Work required: From the records below, copy out exactly the lines from the one containing "bvec (M + mset" to the one containing "using foldl_zstar_Sab[of Q", both included. Add nothing else.
___ Provided information
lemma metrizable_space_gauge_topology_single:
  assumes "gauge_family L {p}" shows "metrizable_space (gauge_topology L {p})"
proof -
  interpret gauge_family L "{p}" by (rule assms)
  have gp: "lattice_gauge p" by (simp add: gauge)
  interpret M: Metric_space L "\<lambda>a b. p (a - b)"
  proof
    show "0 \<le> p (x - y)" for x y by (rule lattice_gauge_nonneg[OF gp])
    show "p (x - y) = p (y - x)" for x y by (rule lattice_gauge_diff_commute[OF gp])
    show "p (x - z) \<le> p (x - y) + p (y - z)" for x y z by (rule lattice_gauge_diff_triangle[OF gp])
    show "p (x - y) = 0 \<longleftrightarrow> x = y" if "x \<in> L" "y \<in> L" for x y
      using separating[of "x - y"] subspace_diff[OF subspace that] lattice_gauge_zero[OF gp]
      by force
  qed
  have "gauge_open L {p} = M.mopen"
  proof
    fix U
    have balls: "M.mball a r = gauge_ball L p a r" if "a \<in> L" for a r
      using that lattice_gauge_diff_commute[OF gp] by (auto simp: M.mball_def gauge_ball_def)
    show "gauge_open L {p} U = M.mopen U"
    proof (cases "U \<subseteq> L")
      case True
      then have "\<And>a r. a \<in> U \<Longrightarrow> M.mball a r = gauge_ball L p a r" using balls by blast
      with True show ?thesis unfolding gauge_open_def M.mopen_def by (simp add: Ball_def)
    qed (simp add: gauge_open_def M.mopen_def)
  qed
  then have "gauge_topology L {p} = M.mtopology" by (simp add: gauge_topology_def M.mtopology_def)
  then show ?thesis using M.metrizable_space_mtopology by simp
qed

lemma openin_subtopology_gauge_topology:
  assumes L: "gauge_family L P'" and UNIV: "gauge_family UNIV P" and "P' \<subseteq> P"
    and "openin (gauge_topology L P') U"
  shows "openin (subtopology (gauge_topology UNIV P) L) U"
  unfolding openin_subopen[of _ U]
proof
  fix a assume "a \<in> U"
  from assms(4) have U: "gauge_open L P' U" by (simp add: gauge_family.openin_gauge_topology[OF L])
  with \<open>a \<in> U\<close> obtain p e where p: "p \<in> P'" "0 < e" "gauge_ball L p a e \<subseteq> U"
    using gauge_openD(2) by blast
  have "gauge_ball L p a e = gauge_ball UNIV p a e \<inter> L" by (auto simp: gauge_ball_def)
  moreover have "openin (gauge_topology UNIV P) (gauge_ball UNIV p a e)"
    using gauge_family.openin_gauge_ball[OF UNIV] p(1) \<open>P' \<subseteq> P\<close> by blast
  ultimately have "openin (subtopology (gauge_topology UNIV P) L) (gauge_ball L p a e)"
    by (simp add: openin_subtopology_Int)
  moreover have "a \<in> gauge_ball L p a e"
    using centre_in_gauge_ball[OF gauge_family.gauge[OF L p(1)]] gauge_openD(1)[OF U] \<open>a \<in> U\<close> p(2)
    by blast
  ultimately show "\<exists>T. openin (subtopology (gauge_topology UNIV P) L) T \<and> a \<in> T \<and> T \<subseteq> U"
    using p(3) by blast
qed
______
___ Provided information
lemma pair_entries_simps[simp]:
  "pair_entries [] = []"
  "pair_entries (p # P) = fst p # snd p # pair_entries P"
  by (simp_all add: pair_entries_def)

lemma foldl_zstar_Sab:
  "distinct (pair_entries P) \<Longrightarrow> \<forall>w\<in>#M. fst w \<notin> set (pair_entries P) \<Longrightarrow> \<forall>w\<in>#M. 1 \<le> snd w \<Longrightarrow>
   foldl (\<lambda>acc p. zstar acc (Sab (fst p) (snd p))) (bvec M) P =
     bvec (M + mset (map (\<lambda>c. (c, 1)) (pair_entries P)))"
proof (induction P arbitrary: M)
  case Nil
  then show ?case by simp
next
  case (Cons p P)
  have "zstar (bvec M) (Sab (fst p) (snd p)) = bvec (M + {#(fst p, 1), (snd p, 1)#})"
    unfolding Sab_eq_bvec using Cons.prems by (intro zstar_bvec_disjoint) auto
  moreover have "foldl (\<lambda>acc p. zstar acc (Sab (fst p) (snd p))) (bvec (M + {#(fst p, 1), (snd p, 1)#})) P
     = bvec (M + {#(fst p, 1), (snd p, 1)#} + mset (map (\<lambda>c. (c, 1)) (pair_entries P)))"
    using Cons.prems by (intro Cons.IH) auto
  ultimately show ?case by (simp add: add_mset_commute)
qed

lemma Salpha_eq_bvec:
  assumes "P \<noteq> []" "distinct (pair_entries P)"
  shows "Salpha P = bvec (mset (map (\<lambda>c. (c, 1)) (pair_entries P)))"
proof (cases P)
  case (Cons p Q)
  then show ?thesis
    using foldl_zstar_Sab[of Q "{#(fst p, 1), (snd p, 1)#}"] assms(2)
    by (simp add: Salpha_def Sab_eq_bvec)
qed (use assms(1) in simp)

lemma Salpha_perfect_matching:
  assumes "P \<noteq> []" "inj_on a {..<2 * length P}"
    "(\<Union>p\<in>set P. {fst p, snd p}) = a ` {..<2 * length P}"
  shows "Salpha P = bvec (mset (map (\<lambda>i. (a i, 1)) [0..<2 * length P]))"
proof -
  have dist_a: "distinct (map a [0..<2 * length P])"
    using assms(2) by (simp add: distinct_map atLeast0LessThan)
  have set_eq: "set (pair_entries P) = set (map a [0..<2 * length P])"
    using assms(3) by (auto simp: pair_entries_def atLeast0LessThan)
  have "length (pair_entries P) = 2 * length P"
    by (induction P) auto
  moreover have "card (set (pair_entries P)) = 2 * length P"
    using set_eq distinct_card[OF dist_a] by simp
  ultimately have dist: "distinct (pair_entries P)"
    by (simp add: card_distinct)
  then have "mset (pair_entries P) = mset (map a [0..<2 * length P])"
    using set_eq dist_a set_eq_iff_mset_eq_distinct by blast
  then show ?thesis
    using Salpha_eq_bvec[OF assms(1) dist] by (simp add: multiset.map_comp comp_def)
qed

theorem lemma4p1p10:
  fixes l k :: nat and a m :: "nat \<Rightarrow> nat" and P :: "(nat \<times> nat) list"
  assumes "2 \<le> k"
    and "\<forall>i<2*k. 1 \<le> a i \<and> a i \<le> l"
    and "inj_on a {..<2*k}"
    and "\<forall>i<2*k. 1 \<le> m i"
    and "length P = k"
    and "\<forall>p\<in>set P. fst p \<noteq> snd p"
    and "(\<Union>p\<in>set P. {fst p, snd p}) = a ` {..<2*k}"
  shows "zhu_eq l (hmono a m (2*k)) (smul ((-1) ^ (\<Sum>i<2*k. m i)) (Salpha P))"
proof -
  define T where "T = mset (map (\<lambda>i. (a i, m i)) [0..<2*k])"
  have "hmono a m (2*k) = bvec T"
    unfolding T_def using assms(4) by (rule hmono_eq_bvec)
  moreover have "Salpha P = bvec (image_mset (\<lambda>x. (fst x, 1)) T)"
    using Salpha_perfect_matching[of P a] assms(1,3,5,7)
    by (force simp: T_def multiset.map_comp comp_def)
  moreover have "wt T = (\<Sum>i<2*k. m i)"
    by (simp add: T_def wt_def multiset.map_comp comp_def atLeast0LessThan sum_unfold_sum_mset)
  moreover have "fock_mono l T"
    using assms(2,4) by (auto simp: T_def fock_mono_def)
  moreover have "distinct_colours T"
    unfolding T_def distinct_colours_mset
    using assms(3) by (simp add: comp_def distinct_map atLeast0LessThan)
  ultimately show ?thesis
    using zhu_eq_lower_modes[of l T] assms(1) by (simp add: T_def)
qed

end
______
___ Provided information
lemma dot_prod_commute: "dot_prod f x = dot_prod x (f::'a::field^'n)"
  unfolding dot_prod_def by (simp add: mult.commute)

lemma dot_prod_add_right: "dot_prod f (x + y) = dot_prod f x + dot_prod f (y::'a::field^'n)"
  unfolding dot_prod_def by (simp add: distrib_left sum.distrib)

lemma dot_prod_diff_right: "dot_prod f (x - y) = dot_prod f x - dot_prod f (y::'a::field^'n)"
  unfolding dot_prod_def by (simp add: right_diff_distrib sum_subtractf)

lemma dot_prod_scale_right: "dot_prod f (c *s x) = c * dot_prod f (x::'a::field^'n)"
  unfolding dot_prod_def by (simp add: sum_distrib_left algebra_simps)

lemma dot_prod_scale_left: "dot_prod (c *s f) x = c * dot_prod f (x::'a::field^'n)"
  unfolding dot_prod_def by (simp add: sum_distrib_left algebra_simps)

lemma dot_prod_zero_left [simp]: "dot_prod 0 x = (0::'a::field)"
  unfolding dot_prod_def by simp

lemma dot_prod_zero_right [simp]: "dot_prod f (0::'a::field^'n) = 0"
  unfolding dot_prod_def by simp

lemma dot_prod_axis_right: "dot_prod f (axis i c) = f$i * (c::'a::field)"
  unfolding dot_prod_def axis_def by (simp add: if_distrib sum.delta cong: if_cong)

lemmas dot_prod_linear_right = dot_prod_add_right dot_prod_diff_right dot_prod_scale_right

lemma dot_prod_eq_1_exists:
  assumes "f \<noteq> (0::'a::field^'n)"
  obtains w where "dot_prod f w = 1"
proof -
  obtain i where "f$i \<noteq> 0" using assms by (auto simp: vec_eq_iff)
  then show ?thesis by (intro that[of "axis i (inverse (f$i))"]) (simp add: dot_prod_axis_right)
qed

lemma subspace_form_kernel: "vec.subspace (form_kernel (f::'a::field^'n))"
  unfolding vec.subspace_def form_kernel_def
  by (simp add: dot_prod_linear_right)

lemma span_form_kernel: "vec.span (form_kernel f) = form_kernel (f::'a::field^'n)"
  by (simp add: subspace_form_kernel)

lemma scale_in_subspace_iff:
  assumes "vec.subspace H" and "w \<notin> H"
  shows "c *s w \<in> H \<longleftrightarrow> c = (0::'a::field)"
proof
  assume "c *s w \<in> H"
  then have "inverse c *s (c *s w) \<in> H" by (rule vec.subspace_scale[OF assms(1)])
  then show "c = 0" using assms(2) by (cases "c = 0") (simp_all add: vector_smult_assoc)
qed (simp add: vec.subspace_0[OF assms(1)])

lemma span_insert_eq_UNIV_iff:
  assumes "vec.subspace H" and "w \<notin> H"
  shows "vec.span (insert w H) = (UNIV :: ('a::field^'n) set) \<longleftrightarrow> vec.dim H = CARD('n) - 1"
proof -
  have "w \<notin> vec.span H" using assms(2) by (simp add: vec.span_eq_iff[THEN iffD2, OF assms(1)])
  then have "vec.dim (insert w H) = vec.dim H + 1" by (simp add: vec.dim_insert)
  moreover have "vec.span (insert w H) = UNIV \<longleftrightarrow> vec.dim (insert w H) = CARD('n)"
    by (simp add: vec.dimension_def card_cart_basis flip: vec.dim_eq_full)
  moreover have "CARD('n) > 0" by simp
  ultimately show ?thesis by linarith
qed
______
Response to the task:
     bvec (M + mset (map (\<lambda>c. (c, 1)) (pair_entries P)))"
proof (induction P arbitrary: M)
  case Nil
  then show ?case by simp
next
  case (Cons p P)
  have "zstar (bvec M) (Sab (fst p) (snd p)) = bvec (M + {#(fst p, 1), (snd p, 1)#})"
    unfolding Sab_eq_bvec using Cons.prems by (intro zstar_bvec_disjoint) auto
  moreover have "foldl (\<lambda>acc p. zstar acc (Sab (fst p) (snd p))) (bvec (M + {#(fst p, 1), (snd p, 1)#})) P
     = bvec (M + {#(fst p, 1), (snd p, 1)#} + mset (map (\<lambda>c. (c, 1)) (pair_entries P)))"
    using Cons.prems by (intro Cons.IH) auto
  ultimately show ?case by (simp add: add_mset_commute)
qed

lemma Salpha_eq_bvec:
  assumes "P \<noteq> []" "distinct (pair_entries P)"
  shows "Salpha P = bvec (mset (map (\<lambda>c. (c, 1)) (pair_entries P)))"
proof (cases P)
  case (Cons p Q)
  then show ?thesis
    using foldl_zstar_Sab[of Q "{#(fst p, 1), (snd p, 1)#}"] assms(2)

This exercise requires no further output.